The Bank appears to have learned its lesson. On Friday it invited members of the public to submit suggestions as to which scientist should appear on the new £50 note, with the mathematician Ada Lovelace and the Nobel prize-winning chemist Dorothy Hodgkin among early frontrunners. Earlier in the week English Heritage asked people to nominate women whose lives could be celebrated with a blue plaque on a London building. At 14%, the proportion of blue plaques currently dedicated to women is “far too low”, the organisation said.
Efforts at boosting women’s representation on monuments and in public spaces are not confined to London. Campaigners in Dorset are fundraising for a statue of the fossil hunter Mary Anning in Lyme Regis. A statue of the suffragette leader Emmeline Pankhurst will be unveiled in Manchester in December. In York, a consultation is under way with a view to changing the wording on a rainbow plaque celebrating the diarist Anne Lister, so that she is described as a lesbian.
Not everyone is convinced that such undertakings are worth the effort and the money, particularly at a time when so many women have been affected by reductions in public spending. Analysis of tax and benefit changes last year found that government cuts have cost women £79bn since 2010, against £13bn for men. Despite the introduction of new rules for reporting on the gender pay gap, the gulf between men’s and women’s hourly pay has not shrunk for three years. Meanwhile the hopes raised by #MeToo, that violence and harassment of women in the workplace could be dramatically reduced, have faded. Haven’t feminists got more serious battles to fight than over statues and banknotes, it has been asked. Other voices question whether it is even desirable to perpetuate a model whereby prominent individuals and their deeds are celebrated, while more ordinary lives and struggles are forgotten.

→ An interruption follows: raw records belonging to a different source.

(* Let $A\in\mathbb R^{d\times d}$, $r>0$, and let $\mathbf x(t)$ be a solution (with initial function in $C([-r,0],\Delta_d)$) of one of the delayed replicator equations $$\dot{\mathbf x}(t)=\mathbf x(t)\cdot\big(A\mathbf x(t-r)-\mathbf x(t)^{\top}A\mathbf x(t-r)\big)$$ or $$\dot{\mathbf x}(t)=\mathbf x(t)\cdot\big(A\bar{\mathbf x}(t)-\mathbf x(t)^{\top}A\bar{\mathbf x}(t)\big),\qquad \bar{\mathbf x}(t)=\int_{-r}^0\mathbf x(t+s)\,d\mu(s),$$ where $\mu$ is a probability measure on $[-r,0]$ and $\cdot$ denotes the componentwise product. Then: (a) If the replicator ODE $\dot{\mathbf x}=\mathbf x\cdot(A\mathbf x-\mathbf x^\top A\mathbf x)$ has no interior equilibrium, then $\mathbf x(t)$ approaches the boundary of the simplex $\Delta_d$ asymptotically. (b) If the replicator ODE has a unique interior equilibrium $\mathbf p$, then $p_i=\lim_{T\to\infty}\frac1T\int_0^T x_i(t)\,dt$ for all $i$, provided the solution $\mathbf x(t)$ lies in the interior of $\Delta_d$ and remains bounded away from the boundary of $\Delta_d$.
   Context: $\Delta_d=\{\mathbf x\in\mathbb R_+^d:\sum_i x_i=1\}$. An interior equilibrium of the replicator ODE is a point $\mathbf p$ in the interior of $\Delta_d$ with $(A\mathbf p)_i=(A\mathbf p)_j$ for all $i,j$. *)

theory Defs
  imports "HOL-Probability.Probability"
begin

definition prob_simplex :: "(real^'d) set" where
  "prob_simplex = {x. (\<forall>i. 0 \<le> x $ i) \<and> (\<Sum>i\<in>UNIV. x $ i) = 1}"

definition simplex_interior :: "(real^'d) set" where
  "simplex_interior = {x. (\<forall>i. 0 < x $ i) \<and> (\<Sum>i\<in>UNIV. x $ i) = 1}"

definition simplex_boundary :: "(real^'d) set" where
  "simplex_boundary = {x \<in> prob_simplex. \<exists>i. x $ i = 0}"

definition interior_equilibrium :: "real^'d^'d \<Rightarrow> real^'d \<Rightarrow> bool" where
  "interior_equilibrium A p \<longleftrightarrow> p \<in> simplex_interior \<and> (\<forall>i j. (A *v p) $ i = (A *v p) $ j)"
lemma root_gap_lower_bound:
  fixes g nn et c hs he hq :: real
  assumes g: "g > 0" and nn: "0 < nn" "nn \<le> 1" and et: "et > 0"
    and hs: "0 < hs" "hs < hstar g 1 et" and he: "0 < he" "he < hstar g nn et"
    and ps: "g*hs^3 - et*hs^2 + c = 0" and pe: "g*nn*he^3 - et*he^2 + c = 0"
    and hq: "0 \<le> hq" "et*hq^2 = c"
  shows "1 / (3 * nn * (2 * et / (3 * g * nn) - hq)) > 0 \<and>
         hs - he \<ge> 1 / (3 * nn * (2 * et / (3 * g * nn) - hq)) * hs^2 * (1 - nn)"
proof -
  have gn: "g*nn > 0" using g nn by simp
  have hq_he: "hq < he" using cubic_root_gt[OF gn et he(1) pe hq] .
  have "hstar g 1 et \<le> hstar g nn et" unfolding hstar_def using g nn et by (simp add: frac_le)
  define D where "D = et*(he + hs) - g*nn*(he^2 + he*hs + hs^2)"
  have D_pos: "D > 0"
    using cubic_bracket_less[OF g nn(1) he(1) hs(1) he(2)] hs \<open>hstar g 1 et \<le> hstar g nn et\<close>
    unfolding D_def by simp
  have gap: "(hs - he) * D = g*(1 - nn)*hs^3"
    unfolding D_def by (rule cubic_roots_gap_identity[OF ps pe])
  then have "(hs - he) * D \<ge> 0" using g nn hs by simp
  then have he_hs: "he \<le> hs" using D_pos by (simp add: zero_le_mult_iff)
  have "he^2 + he*hs + hs^2 - 3*hq*hs \<ge> (hs - he)^2"
    using mult_right_mono[OF less_imp_le[OF hq_he], of hs] hs
    by (simp add: power2_eq_square algebra_simps)
  then have "he^2 + he*hs + hs^2 - 3*hq*hs \<ge> 0"
    by (rule order_trans[OF zero_le_power2])
  then have "g*nn*(he^2 + he*hs + hs^2 - 3*hq*hs) \<ge> 0"
    using gn by simp
  moreover have "et*he \<le> et*hs" using et he_hs by simp
  ultimately have D_le: "D \<le> hs*(2*et - 3*g*nn*hq)"
    unfolding D_def by (simp add: algebra_simps power2_eq_square)
  have "g*(1 - nn)*hs^3 \<le> (hs - he)*(hs*(2*et - 3*g*nn*hq))"
    using gap mult_left_mono[OF D_le, of "hs - he"] he_hs by simp
  then have "hs * (g*(1 - nn)*hs^2) \<le> hs * ((hs - he)*(2*et - 3*g*nn*hq))"
    by (simp add: algebra_simps power2_eq_square power3_eq_cube)
  then have key: "g*(1 - nn)*hs^2 \<le> (hs - he)*(2*et - 3*g*nn*hq)"
    using hs(1) by simp
  have "g*nn*he < 2*et/3" using he gn unfolding hstar_def by (simp add: field_simps)
  moreover have "g*nn*hq < g*nn*he" using mult_strict_left_mono[OF hq_he gn] .
  ultimately have den_pos: "2*et - 3*g*nn*hq > 0" by simp
  have "3 * nn * (2 * et / (3 * g * nn) - hq) = (2*et - 3*g*nn*hq) / g"
    using g nn by (simp add: field_simps)
  then have L_eq: "1 / (3 * nn * (2 * et / (3 * g * nn) - hq)) = g / (2*et - 3*g*nn*hq)"
    by simp
  have "g / (2*et - 3*g*nn*hq) * hs^2 * (1 - nn) \<le> hs - he"
    using key den_pos by (simp add: pos_divide_le_eq mult.commute mult.left_commute)
  then show ?thesis using L_eq den_pos g by simp
qed

theorem proposition1:
  fixes g r0 r1 h0 u0 :: real and f f' :: "real \<Rightarrow> real"
  assumes g_pos: "g > 0"
    and r0_pos: "0 < r0" and r01: "r0 < r1"
    and f_deriv: "\<And>r. r \<in> {r0..r1} \<Longrightarrow> (f has_real_derivative f' r) (at r within {r0..r1})"
    and f'_cont: "continuous_on {r0..r1} f'"
    and f'_nonpos: "\<And>r. r \<in> {r0..r1} \<Longrightarrow> f' r \<le> 0"
    and f'_r0: "f' r0 = 0"
    and f_drop: "f r0 > f r1"
    and h0_pos: "h0 > 0" and u0_pos: "u0 > 0"
    and supercrit: "u0^2 / (g * h0) > 1"
    and r: "r \<in> {r0..r1}"
  shows "Lc g f f' r0 h0 u0 r > 0 \<and>
         hS g f r0 h0 u0 r - hE g f f' r0 h0 u0 r
           \<ge> Lc g f f' r0 h0 u0 r * (hS g f r0 h0 u0 r)^2 * (1 - nu f' r)"
proof -
  define nn et q where "nn = nu f' r" and "et = eta g f r0 h0 u0 r" and "q = qw r0 h0 u0"
  have nn: "0 < nn" "nn \<le> 1" unfolding nn_def by (rule nu_pos nu_le_one)+
  have "f r \<le> f r0"
    using nonpos_derivative_imp_antimono[OF f_deriv f'_nonpos] r by auto
  then have et_ge: "u0^2/2 + g*h0 \<le> et"
    unfolding et_def eta_def qe_def using g_pos by (simp add: algebra_simps)
  moreover have "u0^2/2 + g*h0 > 0" using g_pos h0_pos u0_pos by (simp add: add_pos_pos)
  ultimately have et_pos: "et > 0" by linarith
  have q_pos: "q > 0" and r_pos: "r > 0" unfolding q_def qw_def using r0_pos h0_pos u0_pos r by auto
  then have q_r_nonzero: "q \<noteq> 0" "r \<noteq> 0" by simp_all
  have "u0^2 > g*h0" using supercrit g_pos h0_pos by (simp add: field_simps)
  then have discr: "27 * (g*n)^2 * (q^2/(2*r^2)) < 4 * et^3" if "0 \<le> n" "n \<le> 1" for n
    unfolding q_def qw_def using supercritical_discriminant[OF g_pos that h0_pos _ r0_pos _ et_ge] r
    by simp
  define hs he hq where "hs = hroot g 1 et q r" and "he = hroot g nn et q r"
    and "hq = q / (r * sqrt (2*et))"
  note hs_spec = hroot_spec[OF g_pos zero_less_one et_pos q_r_nonzero discr[OF zero_le_one order_refl],
      folded hs_def]
  note he_spec = hroot_spec[OF g_pos nn(1) et_pos q_r_nonzero discr[OF less_imp_le[OF nn(1)] nn(2)],
      folded he_def]
  have "0 \<le> hq" "et * hq^2 = q^2/(2*r^2)"
    unfolding hq_def using et_pos r_pos q_pos by (simp_all add: power_divide power_mult_distrib)
  then have "1 / (3 * nn * (2 * et / (3 * g * nn) - hq)) > 0 \<and>
      hs - he \<ge> 1 / (3 * nn * (2 * et / (3 * g * nn) - hq)) * hs^2 * (1 - nn)"
    using root_gap_lower_bound[OF g_pos nn et_pos hs_spec(1,2) he_spec(1,2), where hq = hq]
      hs_spec(3) he_spec(3)
    unfolding Pcubic_def by simp
  then show ?thesis
    unfolding Lc_def hQ_def hS_def hE_def nn_def et_def q_def hs_def he_def hq_def .
qed

end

But representation is important, perhaps particularly to children in the process of forming their ideas about the world, and themselves. Positive role models – in real life or bronze – won’t eliminate inequality. But it makes a difference to all of us who we see on plinths, screens, stamps and coins. That’s why it matters that women of all sorts – black, white, lesbian, trans, disabled – are represented in all sorts of ways, in all sorts of places.